What are the worst mistakes an applicant can make?

There are lots of different ways to err in terms of an application. Probably the most basic and maybe the most obvious is just proofreading your application. It sounds so simple and most of the time people do it and their application is nice and pristine, but because of that when people don’t do that those applications jump out that much more. It’s not necessarily an errant comma or a period. On a resume we’ll have a start date and an end date that don’t make sense. Putting the wrong school in your essays, that’s a simple thing that is very easy to correct. I tend to tell people when they’re reviewing essays and even resumes (to) start at the end and read backwards. If you’re just proofing for . . . typos, reading backwards helps you catch them.

What matters most to you about an application?

There’s really no single element of the application that matters most. We don’t have any particular weight for each element. It really is the overall profile that a candidate presents. For different candidates certain elements may have more weight depending on the profile of the candidate. People generally tend to focus a lot on test scores. We get applicants for example who have questions about how high a GMAT you should have, and especially the quantitative section. Someone who was a mathematics major in college and is working in finance, that gives us enough information that we might focus less on the quantitative portion of the GMAT than we would on someone who is, like I was, an English major in college – because we have fewer data points (for an English major) we might lean a little more heavily on the GMAT quant because that’s the main way we can evaluate the quantitative preparation or quantitative profile.

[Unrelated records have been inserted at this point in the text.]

(* For unrestricted (arbitrary nonnegative) valuation functions in one-sided matching with $n$ agents and $n$ items, every deterministic matching algorithm that makes at most $k\ge1$ value queries per agent has distortion $\Omega\!\left(\frac1k n^{1/k}\right)$. This holds even on instances in which all agents have the same ranking of the items.
   Context: One-sided matching: there is a set $N$ of $n$ agents and a set $A$ of $n$ items. Each agent $i$ has a valuation function $v_i:A\to\mathbb{R}_{\ge0}$. A deterministic matching algorithm making $k$ queries per agent receives the profile of strict rankings $\succ_i$ consistent with the values (if $a\succ_i b$ then $v_i(a)\ge v_i(b)$). It adaptively makes value queries $(i,j)\mapsto v_i(j)$, at most $k$ per agent, and outputs a bijection $Y:N\to A$. Its distortion is the supremum over valuation profiles of $\max_Z\sum_i v_i(z_i)/\sum_i v_i(y_i)$. *)

theory Defs
  imports "HOL-Analysis.Analysis"
begin

text \<open>Agents and items are both indexed by 0..<n.
  A valuation profile is v :: nat => nat => real, v i j = value of agent i for item j.
  A ranking profile is rho :: nat => nat => nat, where rho i r is the item that agent i
  ranks at position r (position 0 = most preferred).\<close>

text \<open>An adaptive deterministic query algorithm (after seeing the rankings) is a decision
  tree: either output a matching, or query the value v i j and continue depending on the
  answer.\<close>

datatype qtree = Output "nat \<Rightarrow> nat" | Query nat nat "real \<Rightarrow> qtree"

primrec run :: "qtree \<Rightarrow> (nat \<Rightarrow> nat \<Rightarrow> real) \<Rightarrow> nat \<Rightarrow> nat" where
  "run (Output Y) v = Y"
| "run (Query i j f) v = run (f (v i j)) v"

primrec trace :: "qtree \<Rightarrow> (nat \<Rightarrow> nat \<Rightarrow> real) \<Rightarrow> (nat \<times> nat) list" where
  "trace (Output Y) v = []"
| "trace (Query i j f) v = (i, j) # trace (f (v i j)) v"

definition is_matching :: "nat \<Rightarrow> (nat \<Rightarrow> nat) \<Rightarrow> bool" where
  "is_matching n Y \<longleftrightarrow> bij_betw Y {..<n} {..<n}"

definition is_ranking_profile :: "nat \<Rightarrow> (nat \<Rightarrow> nat \<Rightarrow> nat) \<Rightarrow> bool" where
  "is_ranking_profile n \<rho> \<longleftrightarrow> (\<forall>i<n. bij_betw (\<rho> i) {..<n} {..<n})"

definition valid_instance :: "nat \<Rightarrow> (nat \<Rightarrow> nat \<Rightarrow> nat) \<Rightarrow> (nat \<Rightarrow> nat \<Rightarrow> real) \<Rightarrow> bool" where
  "valid_instance n \<rho> v \<longleftrightarrow> is_ranking_profile n \<rho>
     \<and> (\<forall>i<n. \<forall>j<n. 0 \<le> v i j)
     \<and> (\<forall>i<n. \<forall>r s. r < s \<and> s < n \<longrightarrow> v i (\<rho> i s) \<le> v i (\<rho> i r))"

definition same_ranking :: "nat \<Rightarrow> (nat \<Rightarrow> nat \<Rightarrow> nat) \<Rightarrow> bool" where
  "same_ranking n \<rho> \<longleftrightarrow> (\<forall>i<n. \<forall>r<n. \<rho> i r = \<rho> 0 r)"

definition welfare :: "nat \<Rightarrow> (nat \<Rightarrow> nat \<Rightarrow> real) \<Rightarrow> (nat \<Rightarrow> nat) \<Rightarrow> real" where
  "welfare n v Y = (\<Sum>i<n. v i (Y i))"

definition opt_welfare :: "nat \<Rightarrow> (nat \<Rightarrow> nat \<Rightarrow> real) \<Rightarrow> real" where
  "opt_welfare n v = Max {welfare n v Z | Z. is_matching n Z}"

text \<open>An algorithm maps the ranking profile to a decision tree.\<close>
definition k_query_algorithm ::
  "nat \<Rightarrow> nat \<Rightarrow> ((nat \<Rightarrow> nat \<Rightarrow> nat) \<Rightarrow> qtree) \<Rightarrow> bool" where
  "k_query_algorithm n k A \<longleftrightarrow>
     (\<forall>\<rho> v. valid_instance n \<rho> v \<longrightarrow>
        (\<forall>(i, j) \<in> set (trace (A \<rho>) v). i < n \<and> j < n)
      \<and> (\<forall>i<n. length (filter (\<lambda>q. fst q = i) (trace (A \<rho>) v)) \<le> k)
      \<and> is_matching n (run (A \<rho>) v))"

definition ratio :: "nat \<Rightarrow> (nat \<Rightarrow> nat \<Rightarrow> real) \<Rightarrow> (nat \<Rightarrow> nat) \<Rightarrow> ereal" where
  "ratio n v Y = (if welfare n v Y > 0 then ereal (opt_welfare n v / welfare n v Y)
                  else if opt_welfare n v > 0 then \<infinity> else 1)"

definition distortion_on ::
  "((nat \<Rightarrow> nat \<Rightarrow> nat) \<Rightarrow> bool) \<Rightarrow> nat \<Rightarrow> ((nat \<Rightarrow> nat \<Rightarrow> nat) \<Rightarrow> qtree) \<Rightarrow> ereal" where
  "distortion_on P n A =
     (SUP x \<in> {(\<rho>, v). valid_instance n \<rho> v \<and> P \<rho>}. ratio n (snd x) (run (A (fst x)) (snd x)))"

end

theory Submission
  imports Defs "HOL-Library.Log_Nat"
begin

(* All agents rank the items 0, 1, 2, ... in this order. Under the base profile every agent
   values the items with d base-L digits at L^-d (for d < k) and the remaining items at 1/n;
   the total value of all items, hence the welfare of any matching, is at most k + 1.
   Once the algorithm has committed to its matching Y on the base profile, the adversary raises
   each agent's values on the items ranked above Y i as far as the answered queries and the
   common ranking allow, capped at L; the algorithm sees the same answers and still outputs Y.
   At least (k + 1) L^k agents hold tail items, and each of them queried at most k of the k + 1
   zones, so L^k of them missed a common zone t. Their values on zone t (or on the item just
   above their own, when t = k) are then at least L^-(t-1), and matching them there gives
   welfare about L - 1. With L about (n/(k+2))^(1/k) the ratio is of order n^(1/k)/k. *)

section \<open>Welfare and distortion\<close>

lemma run_cong_trace:
  assumes "\<forall>(i, j) \<in> set (trace t v). w i j = v i j"
  shows "run t w = run t v"
  using assms by (induction t) auto

lemma matching_extend:
  assumes "B \<subseteq> {..<n}" "inj_on h B" "h ` B \<subseteq> {..<n}"
  obtains Z where "is_matching n Z" "\<forall>i\<in>B. Z i = h i"
proof -
  have "finite B" using assms(1) finite_subset by blast
  then have "card ({..<n} - B) = card ({..<n} - h ` B)"
    using assms by (simp add: card_Diff_subset card_image)
  then obtain g where g: "bij_betw g ({..<n} - B) ({..<n} - h ` B)"
    by (metis finite_Diff finite_lessThan finite_same_card_bij)
  have "bij_betw (\<lambda>x. if x \<in> B then h x else g x) (B \<union> ({..<n} - B)) (h ` B \<union> ({..<n} - h ` B))"
    using assms(2) g by (intro bij_betw_disjoint_Un) (auto simp: bij_betw_imageI)
  moreover have "B \<union> ({..<n} - B) = {..<n}" "h ` B \<union> ({..<n} - h ` B) = {..<n}"
    using assms by auto
  ultimately show ?thesis
    by (intro that[of "\<lambda>x. if x \<in> B then h x else g x"]) (auto simp: is_matching_def)
qed

lemma finite_matching_welfares: "finite {welfare n v Z |Z. is_matching n Z}"
proof (rule finite_subset)
  show "{welfare n v Z |Z. is_matching n Z} \<subseteq> (\<lambda>Z. welfare n v Z) ` ({..<n} \<rightarrow>\<^sub>E {..<n})"
  proof
    fix x assume "x \<in> {welfare n v Z |Z. is_matching n Z}"
    then obtain Z where Z: "is_matching n Z" "x = welfare n v Z" by auto
    then have "restrict Z {..<n} \<in> {..<n} \<rightarrow>\<^sub>E {..<n}" "welfare n v (restrict Z {..<n}) = x"
      by (auto simp: is_matching_def bij_betw_def welfare_def)
    then show "x \<in> (\<lambda>Z. welfare n v Z) ` ({..<n} \<rightarrow>\<^sub>E {..<n})" by force
  qed
qed (simp add: finite_PiE)

lemma welfare_le_opt_welfare:
  assumes "is_matching n Z"
  shows "welfare n v Z \<le> opt_welfare n v"
  unfolding opt_welfare_def using assms finite_matching_welfares by (intro Max_ge) auto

What do you and your team like to hear from applicants about their reasons for wanting to attend Yale SOM?

People, I think, they come to business school, Yale and others, for lots of different reasons. We don’t judge someone’s reasons for wanting to come to Yale, and determine who’s coming for the right reasons and who’s coming for the wrong reasons. We assume that if you have applied to us that you’re interested in being part of our community. We take your word for that. It’s not as though we’re looking for any sort of magic reasons that will give you a leg up in the process: ‘I am coming because I like the mission of the school, I like the culture and the community.’ There are a lot of different things people point to and I think they can all be valid. We are a very mission based organization. Our mission is to educate leaders for business and society, and we do feel as though the people who I think are most at home here are those who have that mission-oriented approach and for whom the mission of the school resonates.